_Provided material_.
--- START ---

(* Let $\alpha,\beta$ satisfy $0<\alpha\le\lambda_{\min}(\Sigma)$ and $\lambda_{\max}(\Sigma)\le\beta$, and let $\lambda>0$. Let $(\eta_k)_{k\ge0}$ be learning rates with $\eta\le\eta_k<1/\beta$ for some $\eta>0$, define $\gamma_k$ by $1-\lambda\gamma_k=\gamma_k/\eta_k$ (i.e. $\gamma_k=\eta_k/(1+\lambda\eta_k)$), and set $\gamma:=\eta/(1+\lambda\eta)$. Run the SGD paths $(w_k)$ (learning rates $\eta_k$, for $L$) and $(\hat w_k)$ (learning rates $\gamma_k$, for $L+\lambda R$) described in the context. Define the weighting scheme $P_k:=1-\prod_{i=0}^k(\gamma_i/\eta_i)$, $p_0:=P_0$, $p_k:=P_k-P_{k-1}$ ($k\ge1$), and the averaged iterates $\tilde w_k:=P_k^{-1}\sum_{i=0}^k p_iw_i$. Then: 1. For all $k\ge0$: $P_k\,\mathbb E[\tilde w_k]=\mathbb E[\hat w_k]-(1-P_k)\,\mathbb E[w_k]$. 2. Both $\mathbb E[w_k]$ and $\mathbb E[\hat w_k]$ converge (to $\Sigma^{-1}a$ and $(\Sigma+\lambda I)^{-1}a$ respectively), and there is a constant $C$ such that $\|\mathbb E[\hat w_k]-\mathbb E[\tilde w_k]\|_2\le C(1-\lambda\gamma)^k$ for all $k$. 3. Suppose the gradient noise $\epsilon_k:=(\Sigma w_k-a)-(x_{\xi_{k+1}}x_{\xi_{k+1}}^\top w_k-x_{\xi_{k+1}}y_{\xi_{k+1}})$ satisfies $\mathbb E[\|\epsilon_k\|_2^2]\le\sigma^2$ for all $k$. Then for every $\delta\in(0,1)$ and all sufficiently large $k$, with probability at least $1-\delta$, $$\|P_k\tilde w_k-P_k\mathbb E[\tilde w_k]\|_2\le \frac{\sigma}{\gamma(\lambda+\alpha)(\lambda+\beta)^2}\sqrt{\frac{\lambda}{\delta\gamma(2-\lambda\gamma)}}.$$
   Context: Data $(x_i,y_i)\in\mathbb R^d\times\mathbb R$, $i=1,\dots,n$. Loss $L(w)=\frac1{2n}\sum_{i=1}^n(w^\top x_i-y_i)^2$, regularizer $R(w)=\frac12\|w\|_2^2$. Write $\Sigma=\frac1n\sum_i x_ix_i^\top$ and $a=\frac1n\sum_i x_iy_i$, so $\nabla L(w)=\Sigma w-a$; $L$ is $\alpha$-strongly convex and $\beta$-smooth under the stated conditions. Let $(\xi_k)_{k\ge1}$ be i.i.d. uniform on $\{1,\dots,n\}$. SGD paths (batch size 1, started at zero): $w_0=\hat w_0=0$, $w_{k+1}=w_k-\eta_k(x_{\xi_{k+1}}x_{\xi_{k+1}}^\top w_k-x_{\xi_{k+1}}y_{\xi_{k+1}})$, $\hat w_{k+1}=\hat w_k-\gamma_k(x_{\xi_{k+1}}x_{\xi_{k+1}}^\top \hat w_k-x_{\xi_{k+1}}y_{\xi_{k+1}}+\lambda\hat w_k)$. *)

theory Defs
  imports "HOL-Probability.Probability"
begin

--- END ---
--- START ---

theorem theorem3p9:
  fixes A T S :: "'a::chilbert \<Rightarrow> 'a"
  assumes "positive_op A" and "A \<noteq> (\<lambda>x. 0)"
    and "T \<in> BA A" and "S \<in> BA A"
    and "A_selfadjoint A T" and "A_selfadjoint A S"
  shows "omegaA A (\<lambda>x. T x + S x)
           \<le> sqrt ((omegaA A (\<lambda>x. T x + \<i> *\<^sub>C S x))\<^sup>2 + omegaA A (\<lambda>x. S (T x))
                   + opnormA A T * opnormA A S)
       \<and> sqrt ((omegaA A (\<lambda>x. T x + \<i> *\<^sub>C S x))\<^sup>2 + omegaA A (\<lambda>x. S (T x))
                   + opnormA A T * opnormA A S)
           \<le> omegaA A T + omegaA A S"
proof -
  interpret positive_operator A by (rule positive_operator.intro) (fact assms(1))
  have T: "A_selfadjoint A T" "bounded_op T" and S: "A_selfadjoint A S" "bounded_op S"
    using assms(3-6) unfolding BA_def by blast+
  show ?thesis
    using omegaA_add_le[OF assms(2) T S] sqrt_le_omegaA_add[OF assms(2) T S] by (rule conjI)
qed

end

--- END ---
--- START ---

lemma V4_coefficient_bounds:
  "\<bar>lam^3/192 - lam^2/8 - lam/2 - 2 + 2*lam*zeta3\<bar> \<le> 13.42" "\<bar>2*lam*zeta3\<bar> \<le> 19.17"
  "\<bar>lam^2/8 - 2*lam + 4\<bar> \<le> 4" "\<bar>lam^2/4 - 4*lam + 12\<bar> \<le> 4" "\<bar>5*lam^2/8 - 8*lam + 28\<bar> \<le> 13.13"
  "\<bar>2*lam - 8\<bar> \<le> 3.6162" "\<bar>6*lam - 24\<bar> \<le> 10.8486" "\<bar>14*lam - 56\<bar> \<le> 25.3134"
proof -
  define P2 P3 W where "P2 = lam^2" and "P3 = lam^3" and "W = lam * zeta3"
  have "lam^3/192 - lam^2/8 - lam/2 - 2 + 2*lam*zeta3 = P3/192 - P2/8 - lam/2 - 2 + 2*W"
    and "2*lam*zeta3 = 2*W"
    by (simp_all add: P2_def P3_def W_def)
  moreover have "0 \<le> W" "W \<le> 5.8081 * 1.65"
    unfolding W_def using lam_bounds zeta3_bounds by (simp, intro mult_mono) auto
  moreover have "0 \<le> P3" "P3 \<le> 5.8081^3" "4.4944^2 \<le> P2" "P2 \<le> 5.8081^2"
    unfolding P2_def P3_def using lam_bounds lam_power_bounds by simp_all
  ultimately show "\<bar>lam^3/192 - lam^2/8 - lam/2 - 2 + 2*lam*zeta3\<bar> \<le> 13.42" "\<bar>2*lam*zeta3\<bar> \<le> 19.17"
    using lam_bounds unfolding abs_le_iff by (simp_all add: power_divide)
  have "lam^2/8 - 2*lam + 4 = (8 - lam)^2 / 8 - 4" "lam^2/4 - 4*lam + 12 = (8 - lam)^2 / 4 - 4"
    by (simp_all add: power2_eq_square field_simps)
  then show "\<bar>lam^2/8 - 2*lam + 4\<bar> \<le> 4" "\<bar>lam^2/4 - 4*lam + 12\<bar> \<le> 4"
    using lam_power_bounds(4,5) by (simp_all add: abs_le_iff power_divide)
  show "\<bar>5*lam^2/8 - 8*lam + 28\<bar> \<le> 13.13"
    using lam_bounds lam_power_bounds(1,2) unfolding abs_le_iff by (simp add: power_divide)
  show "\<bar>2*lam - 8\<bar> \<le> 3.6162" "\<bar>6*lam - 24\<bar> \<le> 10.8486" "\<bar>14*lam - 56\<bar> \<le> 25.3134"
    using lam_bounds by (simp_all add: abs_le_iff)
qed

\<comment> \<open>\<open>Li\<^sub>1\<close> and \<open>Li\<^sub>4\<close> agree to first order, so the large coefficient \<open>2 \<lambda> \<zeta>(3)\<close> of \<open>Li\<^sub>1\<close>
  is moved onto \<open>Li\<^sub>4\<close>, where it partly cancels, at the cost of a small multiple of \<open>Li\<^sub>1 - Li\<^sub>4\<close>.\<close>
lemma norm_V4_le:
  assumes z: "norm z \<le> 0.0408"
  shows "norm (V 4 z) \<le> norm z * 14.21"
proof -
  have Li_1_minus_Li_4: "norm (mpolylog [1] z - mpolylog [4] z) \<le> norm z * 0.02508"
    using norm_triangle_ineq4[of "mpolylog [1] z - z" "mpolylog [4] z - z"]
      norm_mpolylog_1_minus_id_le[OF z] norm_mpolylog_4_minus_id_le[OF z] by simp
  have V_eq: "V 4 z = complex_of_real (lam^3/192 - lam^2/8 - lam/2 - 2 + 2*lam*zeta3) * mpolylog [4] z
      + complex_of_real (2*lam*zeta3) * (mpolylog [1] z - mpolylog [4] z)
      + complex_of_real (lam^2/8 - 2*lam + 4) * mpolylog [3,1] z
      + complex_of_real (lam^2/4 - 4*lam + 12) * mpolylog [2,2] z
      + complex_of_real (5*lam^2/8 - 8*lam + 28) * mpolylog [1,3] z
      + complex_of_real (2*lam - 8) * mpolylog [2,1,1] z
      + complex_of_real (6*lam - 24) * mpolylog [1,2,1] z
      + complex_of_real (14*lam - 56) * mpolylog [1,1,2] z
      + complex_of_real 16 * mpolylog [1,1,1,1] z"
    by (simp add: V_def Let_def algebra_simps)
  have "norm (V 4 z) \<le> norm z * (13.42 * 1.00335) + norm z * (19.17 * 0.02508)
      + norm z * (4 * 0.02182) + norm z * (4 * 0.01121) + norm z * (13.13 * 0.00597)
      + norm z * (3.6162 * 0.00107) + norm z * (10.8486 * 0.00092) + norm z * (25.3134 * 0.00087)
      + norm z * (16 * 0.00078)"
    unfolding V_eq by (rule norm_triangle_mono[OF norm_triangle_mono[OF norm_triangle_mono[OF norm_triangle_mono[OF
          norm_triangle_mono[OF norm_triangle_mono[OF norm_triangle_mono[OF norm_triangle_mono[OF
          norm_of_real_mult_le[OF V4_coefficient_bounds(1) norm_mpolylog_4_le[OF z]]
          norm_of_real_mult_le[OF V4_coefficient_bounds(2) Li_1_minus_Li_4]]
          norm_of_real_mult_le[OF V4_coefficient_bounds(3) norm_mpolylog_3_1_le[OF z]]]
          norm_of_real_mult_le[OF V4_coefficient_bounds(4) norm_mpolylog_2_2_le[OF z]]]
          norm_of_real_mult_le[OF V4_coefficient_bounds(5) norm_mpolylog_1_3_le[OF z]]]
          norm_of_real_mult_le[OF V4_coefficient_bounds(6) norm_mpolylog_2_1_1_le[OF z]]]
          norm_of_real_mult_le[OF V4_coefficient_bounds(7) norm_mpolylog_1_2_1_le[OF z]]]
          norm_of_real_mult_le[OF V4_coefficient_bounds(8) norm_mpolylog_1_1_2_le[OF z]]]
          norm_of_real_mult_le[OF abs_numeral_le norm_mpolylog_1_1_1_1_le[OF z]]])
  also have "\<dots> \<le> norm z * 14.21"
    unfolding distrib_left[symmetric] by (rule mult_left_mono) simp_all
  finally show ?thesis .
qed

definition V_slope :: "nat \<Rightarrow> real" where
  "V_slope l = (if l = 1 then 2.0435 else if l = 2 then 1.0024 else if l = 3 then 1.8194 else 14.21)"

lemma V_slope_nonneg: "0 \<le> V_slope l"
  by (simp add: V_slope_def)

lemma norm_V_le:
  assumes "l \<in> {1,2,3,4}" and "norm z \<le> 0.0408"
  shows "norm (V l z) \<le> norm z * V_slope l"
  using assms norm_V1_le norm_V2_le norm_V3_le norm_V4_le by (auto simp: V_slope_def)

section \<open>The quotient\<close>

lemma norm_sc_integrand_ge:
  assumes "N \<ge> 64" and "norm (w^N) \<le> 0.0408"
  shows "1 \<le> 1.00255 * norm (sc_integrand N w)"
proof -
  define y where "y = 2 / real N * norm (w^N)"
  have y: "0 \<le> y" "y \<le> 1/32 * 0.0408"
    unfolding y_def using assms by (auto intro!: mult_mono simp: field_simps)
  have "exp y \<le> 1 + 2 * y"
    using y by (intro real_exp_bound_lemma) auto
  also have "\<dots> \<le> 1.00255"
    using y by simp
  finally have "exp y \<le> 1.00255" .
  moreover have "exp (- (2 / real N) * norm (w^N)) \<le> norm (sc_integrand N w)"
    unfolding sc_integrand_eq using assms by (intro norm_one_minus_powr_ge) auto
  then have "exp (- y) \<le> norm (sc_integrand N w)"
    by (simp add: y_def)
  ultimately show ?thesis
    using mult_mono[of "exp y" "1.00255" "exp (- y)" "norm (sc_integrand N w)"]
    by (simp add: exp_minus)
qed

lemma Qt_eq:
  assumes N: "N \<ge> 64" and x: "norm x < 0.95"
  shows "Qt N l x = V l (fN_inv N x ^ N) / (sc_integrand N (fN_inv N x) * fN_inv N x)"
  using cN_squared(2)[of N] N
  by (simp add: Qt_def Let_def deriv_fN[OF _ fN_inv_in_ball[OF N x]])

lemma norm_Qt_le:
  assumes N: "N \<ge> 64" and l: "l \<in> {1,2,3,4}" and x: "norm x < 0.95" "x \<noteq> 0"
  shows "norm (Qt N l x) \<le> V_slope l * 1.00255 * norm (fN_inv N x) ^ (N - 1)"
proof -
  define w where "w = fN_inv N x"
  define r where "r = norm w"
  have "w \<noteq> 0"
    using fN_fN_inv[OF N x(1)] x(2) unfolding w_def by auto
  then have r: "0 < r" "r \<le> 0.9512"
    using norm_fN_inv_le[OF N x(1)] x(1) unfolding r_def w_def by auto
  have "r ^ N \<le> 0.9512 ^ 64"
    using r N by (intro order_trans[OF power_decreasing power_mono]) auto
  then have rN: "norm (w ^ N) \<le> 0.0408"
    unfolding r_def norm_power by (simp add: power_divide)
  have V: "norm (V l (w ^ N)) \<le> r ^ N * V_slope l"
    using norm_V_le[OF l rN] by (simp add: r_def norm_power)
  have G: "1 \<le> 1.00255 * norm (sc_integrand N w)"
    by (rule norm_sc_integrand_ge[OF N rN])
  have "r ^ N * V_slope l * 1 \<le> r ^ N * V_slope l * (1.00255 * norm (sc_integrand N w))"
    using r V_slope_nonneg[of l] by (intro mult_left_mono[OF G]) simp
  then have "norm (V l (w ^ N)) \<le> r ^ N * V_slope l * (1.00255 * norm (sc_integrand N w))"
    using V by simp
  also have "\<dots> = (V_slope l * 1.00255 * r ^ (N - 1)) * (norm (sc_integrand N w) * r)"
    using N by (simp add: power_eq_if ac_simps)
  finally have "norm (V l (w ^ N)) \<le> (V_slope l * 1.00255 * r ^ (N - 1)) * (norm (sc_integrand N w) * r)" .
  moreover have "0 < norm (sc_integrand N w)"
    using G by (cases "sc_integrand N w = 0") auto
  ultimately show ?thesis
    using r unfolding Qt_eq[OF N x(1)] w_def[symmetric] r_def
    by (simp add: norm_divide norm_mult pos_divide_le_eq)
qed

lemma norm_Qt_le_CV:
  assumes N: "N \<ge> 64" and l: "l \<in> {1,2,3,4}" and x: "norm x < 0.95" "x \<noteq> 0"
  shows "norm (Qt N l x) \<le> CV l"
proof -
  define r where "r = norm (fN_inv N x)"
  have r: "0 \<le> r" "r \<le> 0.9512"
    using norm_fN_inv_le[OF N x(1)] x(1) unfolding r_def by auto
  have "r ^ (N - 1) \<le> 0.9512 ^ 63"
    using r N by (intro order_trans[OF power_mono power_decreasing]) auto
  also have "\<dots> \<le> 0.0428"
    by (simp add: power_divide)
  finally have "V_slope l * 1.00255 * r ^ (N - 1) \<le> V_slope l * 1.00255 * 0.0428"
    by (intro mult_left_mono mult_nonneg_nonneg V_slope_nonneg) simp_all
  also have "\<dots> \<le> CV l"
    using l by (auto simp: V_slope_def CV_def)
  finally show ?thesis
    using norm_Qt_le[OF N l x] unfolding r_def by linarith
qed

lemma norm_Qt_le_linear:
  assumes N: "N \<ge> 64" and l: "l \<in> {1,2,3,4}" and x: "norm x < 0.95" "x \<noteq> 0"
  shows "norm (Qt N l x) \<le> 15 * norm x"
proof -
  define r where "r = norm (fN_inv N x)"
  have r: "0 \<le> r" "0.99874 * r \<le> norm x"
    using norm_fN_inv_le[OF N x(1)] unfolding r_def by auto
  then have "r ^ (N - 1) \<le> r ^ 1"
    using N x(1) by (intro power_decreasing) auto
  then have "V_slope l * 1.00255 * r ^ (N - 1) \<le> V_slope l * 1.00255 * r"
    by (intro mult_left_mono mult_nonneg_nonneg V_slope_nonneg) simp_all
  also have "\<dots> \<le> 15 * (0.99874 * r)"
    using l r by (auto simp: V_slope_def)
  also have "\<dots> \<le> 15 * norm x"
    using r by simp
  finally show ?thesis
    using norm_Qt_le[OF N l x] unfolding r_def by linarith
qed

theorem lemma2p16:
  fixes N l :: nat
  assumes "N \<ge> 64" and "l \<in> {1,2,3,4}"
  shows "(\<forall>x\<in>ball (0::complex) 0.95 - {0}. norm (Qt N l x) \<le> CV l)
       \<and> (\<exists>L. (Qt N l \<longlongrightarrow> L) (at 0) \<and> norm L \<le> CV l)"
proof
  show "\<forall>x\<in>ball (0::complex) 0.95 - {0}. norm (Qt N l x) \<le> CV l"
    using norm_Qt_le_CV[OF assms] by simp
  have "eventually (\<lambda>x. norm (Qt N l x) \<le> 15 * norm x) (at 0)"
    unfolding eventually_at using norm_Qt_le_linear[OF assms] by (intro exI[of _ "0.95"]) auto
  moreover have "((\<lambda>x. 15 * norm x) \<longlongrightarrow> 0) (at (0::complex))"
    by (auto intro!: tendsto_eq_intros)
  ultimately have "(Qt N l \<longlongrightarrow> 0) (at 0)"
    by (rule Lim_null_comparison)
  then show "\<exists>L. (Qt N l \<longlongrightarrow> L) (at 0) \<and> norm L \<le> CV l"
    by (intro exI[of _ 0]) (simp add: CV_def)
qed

--- END ---

_What to do_.
Wherever a line of the data holds "assms", copy that line.

_Solved exercise_.
  interpret positive_operator A by (rule positive_operator.intro) (fact assms(1))
    using assms(3-6) unfolding BA_def by blast+
    using omegaA_add_le[OF assms(2) T S] sqrt_le_omegaA_add[OF assms(2) T S] by (rule conjI)
  using assms norm_V1_le norm_V2_le norm_V3_le norm_V4_le by (auto simp: V_slope_def)
    unfolding y_def using assms by (auto intro!: mult_mono simp: field_simps)
    unfolding sc_integrand_eq using assms by (intro norm_one_minus_powr_ge) auto
    using norm_Qt_le_CV[OF assms] by simp
    unfolding eventually_at using norm_Qt_le_linear[OF assms] by (intro exI[of _ "0.95"]) auto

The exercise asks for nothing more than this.